Supplied entries>
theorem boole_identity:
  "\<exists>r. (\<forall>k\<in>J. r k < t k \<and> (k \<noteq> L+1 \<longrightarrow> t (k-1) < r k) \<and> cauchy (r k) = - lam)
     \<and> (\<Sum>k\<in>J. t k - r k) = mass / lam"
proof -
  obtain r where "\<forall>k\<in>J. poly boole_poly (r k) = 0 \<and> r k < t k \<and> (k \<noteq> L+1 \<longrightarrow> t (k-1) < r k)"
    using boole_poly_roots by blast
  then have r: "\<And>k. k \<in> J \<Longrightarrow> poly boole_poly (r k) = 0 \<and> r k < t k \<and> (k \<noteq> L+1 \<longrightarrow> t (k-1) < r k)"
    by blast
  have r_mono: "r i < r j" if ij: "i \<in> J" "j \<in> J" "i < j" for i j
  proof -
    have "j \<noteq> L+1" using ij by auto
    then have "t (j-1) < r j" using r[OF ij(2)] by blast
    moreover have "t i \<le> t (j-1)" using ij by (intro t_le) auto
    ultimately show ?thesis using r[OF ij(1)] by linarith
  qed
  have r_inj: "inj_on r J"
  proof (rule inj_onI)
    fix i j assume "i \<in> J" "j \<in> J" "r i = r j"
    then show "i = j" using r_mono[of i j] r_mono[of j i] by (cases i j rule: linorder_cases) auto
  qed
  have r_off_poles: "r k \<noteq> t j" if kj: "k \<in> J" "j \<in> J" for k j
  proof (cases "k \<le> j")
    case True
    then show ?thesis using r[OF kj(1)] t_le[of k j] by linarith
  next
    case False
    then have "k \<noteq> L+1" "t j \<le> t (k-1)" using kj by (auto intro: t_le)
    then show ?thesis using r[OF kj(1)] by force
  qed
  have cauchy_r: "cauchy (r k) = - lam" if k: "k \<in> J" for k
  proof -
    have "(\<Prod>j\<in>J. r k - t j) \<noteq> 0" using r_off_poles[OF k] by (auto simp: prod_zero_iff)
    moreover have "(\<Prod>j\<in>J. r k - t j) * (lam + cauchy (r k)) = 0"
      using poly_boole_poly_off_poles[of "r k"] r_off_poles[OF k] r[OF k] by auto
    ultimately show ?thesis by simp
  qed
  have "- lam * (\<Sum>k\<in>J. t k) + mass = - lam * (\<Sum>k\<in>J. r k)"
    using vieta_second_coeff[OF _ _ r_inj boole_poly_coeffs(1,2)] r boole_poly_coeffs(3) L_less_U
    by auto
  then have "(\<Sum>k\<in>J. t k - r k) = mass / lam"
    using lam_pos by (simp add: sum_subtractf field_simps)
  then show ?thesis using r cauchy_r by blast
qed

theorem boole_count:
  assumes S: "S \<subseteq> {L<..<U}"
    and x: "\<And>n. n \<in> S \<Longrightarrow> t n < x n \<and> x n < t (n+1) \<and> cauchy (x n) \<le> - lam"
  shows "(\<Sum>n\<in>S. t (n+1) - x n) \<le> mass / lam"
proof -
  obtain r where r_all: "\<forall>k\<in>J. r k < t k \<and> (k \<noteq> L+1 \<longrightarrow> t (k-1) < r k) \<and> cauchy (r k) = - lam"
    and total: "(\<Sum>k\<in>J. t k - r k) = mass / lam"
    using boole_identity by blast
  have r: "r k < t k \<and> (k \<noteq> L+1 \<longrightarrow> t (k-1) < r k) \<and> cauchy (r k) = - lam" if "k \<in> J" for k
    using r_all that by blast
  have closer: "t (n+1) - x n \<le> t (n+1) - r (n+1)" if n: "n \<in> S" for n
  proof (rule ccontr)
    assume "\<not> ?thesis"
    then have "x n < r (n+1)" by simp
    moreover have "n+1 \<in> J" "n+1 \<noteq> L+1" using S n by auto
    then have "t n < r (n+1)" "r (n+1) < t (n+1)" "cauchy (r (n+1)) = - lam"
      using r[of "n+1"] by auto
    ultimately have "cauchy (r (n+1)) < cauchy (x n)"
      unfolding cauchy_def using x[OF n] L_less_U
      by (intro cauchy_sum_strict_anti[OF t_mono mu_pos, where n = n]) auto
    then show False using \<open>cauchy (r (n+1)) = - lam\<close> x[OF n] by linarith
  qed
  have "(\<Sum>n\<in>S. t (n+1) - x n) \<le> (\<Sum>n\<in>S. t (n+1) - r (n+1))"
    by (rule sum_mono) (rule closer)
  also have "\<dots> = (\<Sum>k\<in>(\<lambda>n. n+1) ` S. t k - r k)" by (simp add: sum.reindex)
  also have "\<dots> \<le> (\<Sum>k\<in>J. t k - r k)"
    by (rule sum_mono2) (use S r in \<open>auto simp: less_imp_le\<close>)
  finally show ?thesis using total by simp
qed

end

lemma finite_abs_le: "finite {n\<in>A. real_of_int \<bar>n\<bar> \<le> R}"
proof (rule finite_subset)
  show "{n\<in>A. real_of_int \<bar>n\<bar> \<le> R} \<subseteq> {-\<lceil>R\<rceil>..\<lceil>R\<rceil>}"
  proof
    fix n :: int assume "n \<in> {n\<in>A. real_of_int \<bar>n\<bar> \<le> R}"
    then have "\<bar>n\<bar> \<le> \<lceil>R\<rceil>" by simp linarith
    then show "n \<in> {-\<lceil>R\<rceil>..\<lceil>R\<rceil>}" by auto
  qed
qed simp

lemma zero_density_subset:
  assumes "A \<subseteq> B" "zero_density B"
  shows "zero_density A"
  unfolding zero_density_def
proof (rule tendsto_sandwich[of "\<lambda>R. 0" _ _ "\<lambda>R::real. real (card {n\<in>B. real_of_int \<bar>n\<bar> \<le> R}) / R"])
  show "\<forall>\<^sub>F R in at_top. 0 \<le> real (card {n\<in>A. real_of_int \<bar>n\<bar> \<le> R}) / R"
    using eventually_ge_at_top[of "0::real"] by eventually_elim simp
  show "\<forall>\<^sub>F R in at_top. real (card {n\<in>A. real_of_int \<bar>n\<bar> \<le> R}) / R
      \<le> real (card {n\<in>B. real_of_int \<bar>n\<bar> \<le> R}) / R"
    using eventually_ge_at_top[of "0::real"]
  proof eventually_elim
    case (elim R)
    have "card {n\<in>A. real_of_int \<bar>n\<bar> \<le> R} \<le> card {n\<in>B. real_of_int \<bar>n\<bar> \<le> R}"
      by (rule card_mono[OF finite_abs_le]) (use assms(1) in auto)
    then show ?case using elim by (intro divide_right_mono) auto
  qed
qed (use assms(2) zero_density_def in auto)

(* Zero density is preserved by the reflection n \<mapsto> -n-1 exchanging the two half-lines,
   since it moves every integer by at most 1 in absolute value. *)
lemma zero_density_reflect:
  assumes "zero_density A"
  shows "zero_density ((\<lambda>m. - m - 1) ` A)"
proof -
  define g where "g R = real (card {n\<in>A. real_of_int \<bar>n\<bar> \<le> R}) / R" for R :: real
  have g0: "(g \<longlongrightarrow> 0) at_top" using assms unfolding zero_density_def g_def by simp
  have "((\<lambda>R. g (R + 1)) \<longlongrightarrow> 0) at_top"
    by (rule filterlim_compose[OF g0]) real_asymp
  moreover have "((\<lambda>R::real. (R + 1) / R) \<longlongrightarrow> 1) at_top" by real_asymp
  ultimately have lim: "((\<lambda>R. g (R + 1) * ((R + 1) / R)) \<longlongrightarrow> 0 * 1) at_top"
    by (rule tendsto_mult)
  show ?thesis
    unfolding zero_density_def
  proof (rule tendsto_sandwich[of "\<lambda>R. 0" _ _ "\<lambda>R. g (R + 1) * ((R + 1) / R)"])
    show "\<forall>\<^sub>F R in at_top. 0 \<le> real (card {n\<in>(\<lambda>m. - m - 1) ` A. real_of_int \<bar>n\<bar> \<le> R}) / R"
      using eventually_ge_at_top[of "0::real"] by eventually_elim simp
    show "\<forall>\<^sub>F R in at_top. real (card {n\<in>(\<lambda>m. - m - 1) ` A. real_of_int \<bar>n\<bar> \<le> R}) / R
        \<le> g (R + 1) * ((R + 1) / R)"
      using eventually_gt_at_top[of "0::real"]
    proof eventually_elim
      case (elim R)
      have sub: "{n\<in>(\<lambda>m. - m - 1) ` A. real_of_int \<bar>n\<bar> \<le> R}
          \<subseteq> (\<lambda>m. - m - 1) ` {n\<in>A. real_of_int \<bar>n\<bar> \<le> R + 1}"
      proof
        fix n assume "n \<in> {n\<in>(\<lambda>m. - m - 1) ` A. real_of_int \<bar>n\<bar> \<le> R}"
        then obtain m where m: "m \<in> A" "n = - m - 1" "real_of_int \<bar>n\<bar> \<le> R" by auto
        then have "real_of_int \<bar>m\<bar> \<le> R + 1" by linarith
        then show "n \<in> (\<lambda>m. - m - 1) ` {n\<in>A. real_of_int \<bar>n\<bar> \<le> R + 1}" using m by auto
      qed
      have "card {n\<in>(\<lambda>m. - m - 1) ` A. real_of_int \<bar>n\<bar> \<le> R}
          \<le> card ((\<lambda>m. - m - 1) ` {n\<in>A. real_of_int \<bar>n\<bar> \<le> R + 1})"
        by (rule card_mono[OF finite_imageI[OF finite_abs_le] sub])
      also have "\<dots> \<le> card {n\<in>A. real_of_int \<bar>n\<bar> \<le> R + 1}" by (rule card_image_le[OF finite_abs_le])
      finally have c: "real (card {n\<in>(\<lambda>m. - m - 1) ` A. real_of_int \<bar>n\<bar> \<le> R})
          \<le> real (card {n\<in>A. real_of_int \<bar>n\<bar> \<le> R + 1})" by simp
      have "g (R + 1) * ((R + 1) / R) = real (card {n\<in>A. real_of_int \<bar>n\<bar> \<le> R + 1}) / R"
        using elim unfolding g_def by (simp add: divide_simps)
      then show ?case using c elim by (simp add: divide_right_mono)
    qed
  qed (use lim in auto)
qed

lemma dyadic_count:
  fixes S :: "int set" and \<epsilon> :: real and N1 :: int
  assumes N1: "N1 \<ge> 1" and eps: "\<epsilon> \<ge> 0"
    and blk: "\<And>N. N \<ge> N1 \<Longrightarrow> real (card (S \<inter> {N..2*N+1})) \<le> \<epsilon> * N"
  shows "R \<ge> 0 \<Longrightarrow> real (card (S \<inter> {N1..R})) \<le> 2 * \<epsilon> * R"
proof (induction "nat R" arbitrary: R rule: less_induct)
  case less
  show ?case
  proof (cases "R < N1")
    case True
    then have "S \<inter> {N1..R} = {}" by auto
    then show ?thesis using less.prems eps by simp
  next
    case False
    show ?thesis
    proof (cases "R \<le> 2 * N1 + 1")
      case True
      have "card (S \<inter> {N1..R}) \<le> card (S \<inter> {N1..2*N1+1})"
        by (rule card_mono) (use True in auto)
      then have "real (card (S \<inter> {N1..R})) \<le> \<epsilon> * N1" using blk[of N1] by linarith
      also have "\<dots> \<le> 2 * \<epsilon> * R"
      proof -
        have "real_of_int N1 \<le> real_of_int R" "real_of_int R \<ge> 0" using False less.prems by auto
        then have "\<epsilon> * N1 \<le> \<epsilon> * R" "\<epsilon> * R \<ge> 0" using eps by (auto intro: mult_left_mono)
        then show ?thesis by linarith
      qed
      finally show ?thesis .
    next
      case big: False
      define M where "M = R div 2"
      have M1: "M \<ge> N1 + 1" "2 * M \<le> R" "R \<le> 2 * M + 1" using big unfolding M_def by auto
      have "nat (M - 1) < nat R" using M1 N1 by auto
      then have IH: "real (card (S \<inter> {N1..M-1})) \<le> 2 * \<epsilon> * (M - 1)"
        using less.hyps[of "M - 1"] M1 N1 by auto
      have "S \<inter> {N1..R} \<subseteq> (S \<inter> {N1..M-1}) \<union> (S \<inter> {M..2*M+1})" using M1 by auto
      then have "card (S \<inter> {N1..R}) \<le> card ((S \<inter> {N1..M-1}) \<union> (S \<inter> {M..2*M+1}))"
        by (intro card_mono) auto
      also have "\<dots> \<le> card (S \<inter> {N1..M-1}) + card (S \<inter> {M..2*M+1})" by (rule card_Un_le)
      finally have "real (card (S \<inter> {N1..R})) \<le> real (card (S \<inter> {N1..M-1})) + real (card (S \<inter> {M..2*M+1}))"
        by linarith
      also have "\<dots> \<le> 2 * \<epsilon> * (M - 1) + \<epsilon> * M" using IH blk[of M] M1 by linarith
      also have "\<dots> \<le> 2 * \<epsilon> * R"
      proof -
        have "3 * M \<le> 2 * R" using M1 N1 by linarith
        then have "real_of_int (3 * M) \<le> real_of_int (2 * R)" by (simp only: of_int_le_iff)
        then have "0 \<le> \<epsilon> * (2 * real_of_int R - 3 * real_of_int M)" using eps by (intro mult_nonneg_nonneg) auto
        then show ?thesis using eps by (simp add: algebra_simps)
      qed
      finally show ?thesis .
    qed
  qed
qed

--

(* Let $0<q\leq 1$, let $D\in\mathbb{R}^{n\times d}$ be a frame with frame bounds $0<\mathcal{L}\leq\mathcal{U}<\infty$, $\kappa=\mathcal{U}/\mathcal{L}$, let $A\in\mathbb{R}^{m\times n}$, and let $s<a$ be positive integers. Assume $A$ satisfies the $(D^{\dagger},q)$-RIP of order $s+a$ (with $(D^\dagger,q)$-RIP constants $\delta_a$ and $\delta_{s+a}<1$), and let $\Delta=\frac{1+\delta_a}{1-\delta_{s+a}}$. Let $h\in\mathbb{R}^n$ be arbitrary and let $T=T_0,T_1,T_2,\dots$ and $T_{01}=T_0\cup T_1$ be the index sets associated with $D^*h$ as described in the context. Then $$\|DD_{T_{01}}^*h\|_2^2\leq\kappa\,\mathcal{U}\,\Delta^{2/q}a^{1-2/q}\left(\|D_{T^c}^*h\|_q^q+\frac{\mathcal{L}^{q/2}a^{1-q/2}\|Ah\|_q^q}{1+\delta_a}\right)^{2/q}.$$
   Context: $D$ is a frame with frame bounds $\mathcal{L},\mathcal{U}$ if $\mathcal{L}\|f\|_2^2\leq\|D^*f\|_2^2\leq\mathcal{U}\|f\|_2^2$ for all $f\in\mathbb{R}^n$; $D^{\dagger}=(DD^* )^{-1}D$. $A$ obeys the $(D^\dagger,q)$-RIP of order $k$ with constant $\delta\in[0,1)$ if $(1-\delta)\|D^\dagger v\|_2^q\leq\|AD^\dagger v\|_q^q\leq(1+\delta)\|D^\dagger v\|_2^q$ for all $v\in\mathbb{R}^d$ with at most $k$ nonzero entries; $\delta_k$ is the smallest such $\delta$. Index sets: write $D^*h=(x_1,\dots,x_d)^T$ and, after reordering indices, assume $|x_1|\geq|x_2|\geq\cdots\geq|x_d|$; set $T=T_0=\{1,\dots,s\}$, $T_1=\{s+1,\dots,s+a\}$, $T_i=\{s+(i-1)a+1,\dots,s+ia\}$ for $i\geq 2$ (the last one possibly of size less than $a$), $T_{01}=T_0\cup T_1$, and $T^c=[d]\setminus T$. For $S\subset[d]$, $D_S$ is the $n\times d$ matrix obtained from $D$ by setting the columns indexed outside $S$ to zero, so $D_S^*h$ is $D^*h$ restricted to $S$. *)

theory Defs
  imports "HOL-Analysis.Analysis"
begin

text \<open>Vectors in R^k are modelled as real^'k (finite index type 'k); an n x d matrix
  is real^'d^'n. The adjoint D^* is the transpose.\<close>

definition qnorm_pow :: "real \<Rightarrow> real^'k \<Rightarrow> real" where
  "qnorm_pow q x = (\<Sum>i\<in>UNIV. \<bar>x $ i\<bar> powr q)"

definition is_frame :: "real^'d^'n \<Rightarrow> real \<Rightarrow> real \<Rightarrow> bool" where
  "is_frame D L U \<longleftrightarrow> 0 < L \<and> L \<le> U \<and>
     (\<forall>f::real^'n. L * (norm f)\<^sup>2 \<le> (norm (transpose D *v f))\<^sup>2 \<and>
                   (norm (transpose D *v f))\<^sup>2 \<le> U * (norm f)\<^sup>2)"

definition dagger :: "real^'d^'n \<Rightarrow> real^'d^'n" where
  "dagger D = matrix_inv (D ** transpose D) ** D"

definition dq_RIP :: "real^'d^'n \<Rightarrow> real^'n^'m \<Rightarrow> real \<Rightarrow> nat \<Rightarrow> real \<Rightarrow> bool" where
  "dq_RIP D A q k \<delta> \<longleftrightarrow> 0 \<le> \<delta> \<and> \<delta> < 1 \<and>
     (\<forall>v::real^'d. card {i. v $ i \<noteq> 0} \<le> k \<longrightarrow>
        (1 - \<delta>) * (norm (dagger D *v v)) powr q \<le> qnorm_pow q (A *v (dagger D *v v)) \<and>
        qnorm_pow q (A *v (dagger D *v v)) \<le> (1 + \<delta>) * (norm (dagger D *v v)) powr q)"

Assigned task> In the records above, some lines hold the word "ultimately"; copy each such line.

Exercise output>
    ultimately show ?thesis using r[OF ij(1)] by linarith
    ultimately show ?thesis by simp
    ultimately have "cauchy (r (n+1)) < cauchy (x n)"
  ultimately have lim: "((\<lambda>R. g (R + 1) * ((R + 1) / R)) \<longlongrightarrow> 0 * 1) at_top"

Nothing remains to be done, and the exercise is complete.